◆ **Exercise prompt**: Whenever a line of the entries below holds the string "ultimately", copy that line and return it.

BEGIN Recorded information

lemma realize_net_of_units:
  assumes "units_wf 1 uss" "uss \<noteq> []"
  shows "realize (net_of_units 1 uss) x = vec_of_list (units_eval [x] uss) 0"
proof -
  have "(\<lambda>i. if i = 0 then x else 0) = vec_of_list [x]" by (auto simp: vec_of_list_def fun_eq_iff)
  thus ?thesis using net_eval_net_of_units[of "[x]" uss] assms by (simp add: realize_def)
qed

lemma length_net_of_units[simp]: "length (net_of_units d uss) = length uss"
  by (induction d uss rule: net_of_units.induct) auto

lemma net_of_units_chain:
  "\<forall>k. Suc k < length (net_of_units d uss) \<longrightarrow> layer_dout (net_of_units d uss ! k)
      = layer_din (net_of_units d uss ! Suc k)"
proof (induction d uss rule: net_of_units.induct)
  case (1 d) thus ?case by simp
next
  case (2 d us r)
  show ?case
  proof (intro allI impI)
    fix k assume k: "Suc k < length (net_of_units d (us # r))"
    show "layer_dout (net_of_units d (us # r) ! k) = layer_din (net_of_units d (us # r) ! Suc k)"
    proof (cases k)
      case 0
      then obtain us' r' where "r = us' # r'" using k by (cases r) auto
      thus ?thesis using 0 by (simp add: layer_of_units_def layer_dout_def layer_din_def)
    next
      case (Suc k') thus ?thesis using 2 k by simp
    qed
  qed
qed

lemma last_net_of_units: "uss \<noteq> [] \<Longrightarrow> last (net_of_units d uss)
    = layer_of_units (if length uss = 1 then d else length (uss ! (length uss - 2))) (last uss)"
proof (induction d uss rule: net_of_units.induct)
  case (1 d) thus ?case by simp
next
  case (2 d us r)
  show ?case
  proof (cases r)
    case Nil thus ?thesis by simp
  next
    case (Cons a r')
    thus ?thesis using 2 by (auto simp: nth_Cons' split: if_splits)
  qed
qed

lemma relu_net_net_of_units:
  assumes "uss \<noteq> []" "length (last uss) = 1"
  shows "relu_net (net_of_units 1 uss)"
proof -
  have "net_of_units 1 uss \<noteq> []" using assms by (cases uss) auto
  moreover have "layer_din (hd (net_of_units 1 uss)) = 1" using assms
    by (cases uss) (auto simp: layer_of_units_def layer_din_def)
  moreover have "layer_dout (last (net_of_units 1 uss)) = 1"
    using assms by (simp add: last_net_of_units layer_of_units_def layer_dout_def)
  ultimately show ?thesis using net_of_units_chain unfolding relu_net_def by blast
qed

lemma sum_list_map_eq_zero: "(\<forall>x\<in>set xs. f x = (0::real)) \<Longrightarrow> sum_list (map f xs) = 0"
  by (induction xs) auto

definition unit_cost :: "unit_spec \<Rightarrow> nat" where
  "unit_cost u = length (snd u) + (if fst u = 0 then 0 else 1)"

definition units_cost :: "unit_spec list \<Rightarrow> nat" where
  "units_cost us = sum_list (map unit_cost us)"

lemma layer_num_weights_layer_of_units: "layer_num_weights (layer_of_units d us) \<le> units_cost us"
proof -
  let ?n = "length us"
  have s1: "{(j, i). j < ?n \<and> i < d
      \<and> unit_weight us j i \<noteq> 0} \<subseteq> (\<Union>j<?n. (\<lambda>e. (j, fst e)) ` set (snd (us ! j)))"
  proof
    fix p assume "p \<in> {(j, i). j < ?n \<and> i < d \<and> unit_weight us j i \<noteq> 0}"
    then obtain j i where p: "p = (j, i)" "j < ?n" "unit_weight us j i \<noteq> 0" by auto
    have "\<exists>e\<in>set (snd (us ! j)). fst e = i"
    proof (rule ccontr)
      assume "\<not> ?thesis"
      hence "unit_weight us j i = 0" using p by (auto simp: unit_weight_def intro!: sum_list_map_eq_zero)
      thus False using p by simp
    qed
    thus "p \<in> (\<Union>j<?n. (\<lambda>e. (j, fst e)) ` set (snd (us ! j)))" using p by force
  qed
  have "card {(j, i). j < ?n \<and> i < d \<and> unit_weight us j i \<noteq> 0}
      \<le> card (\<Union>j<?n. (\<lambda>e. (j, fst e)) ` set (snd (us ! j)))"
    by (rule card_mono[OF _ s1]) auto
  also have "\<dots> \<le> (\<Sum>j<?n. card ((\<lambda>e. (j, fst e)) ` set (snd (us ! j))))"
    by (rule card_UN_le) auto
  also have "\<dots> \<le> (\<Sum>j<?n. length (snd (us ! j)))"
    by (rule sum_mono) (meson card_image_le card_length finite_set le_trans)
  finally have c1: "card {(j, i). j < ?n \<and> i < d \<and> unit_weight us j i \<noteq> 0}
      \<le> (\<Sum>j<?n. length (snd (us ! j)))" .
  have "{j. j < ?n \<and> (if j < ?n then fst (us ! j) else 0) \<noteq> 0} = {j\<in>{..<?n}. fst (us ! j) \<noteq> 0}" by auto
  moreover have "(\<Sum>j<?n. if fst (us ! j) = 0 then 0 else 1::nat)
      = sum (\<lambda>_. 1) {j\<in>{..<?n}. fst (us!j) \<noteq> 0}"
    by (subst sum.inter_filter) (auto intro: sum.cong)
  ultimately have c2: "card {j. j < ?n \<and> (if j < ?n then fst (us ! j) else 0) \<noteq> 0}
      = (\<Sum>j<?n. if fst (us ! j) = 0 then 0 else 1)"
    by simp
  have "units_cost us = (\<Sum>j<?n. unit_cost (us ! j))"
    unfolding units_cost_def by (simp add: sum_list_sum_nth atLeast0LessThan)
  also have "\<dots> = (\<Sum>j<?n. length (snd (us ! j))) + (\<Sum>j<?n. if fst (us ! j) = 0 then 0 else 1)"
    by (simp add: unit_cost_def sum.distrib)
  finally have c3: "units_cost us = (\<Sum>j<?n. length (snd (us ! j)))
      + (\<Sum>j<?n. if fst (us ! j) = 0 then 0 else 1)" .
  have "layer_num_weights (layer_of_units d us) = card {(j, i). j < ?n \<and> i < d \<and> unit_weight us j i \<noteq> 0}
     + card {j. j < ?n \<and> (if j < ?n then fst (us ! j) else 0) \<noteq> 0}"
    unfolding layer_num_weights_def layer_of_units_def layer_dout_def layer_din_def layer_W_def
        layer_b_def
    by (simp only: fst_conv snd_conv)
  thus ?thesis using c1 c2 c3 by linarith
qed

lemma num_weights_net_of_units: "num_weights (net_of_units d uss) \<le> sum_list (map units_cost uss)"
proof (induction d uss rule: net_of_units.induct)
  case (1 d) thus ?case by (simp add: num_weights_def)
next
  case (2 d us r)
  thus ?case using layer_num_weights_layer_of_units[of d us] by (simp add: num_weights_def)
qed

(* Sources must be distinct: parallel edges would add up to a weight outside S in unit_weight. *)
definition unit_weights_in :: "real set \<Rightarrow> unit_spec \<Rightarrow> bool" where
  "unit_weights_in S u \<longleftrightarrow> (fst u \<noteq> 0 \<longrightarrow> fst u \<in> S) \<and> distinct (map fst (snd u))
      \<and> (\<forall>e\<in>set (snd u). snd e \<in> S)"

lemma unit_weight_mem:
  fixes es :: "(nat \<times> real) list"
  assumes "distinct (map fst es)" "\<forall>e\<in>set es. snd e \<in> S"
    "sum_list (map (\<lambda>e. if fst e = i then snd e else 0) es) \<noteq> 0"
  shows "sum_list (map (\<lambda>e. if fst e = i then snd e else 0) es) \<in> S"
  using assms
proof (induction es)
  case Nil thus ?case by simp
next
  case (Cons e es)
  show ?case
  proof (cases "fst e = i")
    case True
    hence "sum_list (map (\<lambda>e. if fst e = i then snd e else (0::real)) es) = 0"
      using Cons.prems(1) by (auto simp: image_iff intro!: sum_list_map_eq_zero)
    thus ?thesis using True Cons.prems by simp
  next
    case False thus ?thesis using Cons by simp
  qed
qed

END Recorded information
BEGIN Recorded information

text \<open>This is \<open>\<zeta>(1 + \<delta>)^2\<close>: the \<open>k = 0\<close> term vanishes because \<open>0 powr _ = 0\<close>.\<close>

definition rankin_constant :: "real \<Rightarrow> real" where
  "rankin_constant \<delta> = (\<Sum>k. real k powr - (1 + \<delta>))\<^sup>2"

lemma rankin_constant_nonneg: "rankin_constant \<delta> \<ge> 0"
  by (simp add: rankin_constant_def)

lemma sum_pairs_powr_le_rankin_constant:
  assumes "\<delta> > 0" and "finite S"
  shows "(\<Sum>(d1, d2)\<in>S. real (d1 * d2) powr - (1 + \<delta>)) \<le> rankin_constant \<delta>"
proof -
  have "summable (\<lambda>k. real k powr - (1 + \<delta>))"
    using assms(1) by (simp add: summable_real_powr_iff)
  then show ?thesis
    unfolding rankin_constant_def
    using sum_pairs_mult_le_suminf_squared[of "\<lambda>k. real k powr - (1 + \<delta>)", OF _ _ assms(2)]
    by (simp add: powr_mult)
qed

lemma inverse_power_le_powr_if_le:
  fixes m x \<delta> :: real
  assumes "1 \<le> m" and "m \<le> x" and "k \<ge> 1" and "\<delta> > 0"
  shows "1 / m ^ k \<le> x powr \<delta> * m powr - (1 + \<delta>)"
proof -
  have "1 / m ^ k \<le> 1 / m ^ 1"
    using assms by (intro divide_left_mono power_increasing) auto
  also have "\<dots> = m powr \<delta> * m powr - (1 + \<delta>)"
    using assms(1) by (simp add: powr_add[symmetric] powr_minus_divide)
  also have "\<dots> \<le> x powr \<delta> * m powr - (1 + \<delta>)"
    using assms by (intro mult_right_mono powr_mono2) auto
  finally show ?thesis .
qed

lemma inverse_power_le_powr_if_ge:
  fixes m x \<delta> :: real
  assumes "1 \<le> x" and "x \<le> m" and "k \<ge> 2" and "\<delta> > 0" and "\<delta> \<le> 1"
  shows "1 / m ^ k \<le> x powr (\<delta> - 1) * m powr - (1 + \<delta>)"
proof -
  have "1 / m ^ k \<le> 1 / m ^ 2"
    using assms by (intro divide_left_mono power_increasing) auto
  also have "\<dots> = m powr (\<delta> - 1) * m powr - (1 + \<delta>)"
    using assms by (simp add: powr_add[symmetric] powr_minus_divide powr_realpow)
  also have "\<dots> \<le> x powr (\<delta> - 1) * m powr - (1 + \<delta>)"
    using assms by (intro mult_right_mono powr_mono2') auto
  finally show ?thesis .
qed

END Recorded information

◆ **Task answer**:
  ultimately show ?thesis using net_of_units_chain unfolding relu_net_def by blast
  ultimately have c2: "card {j. j < ?n \<and> (if j < ?n then fst (us ! j) else 0) \<noteq> 0}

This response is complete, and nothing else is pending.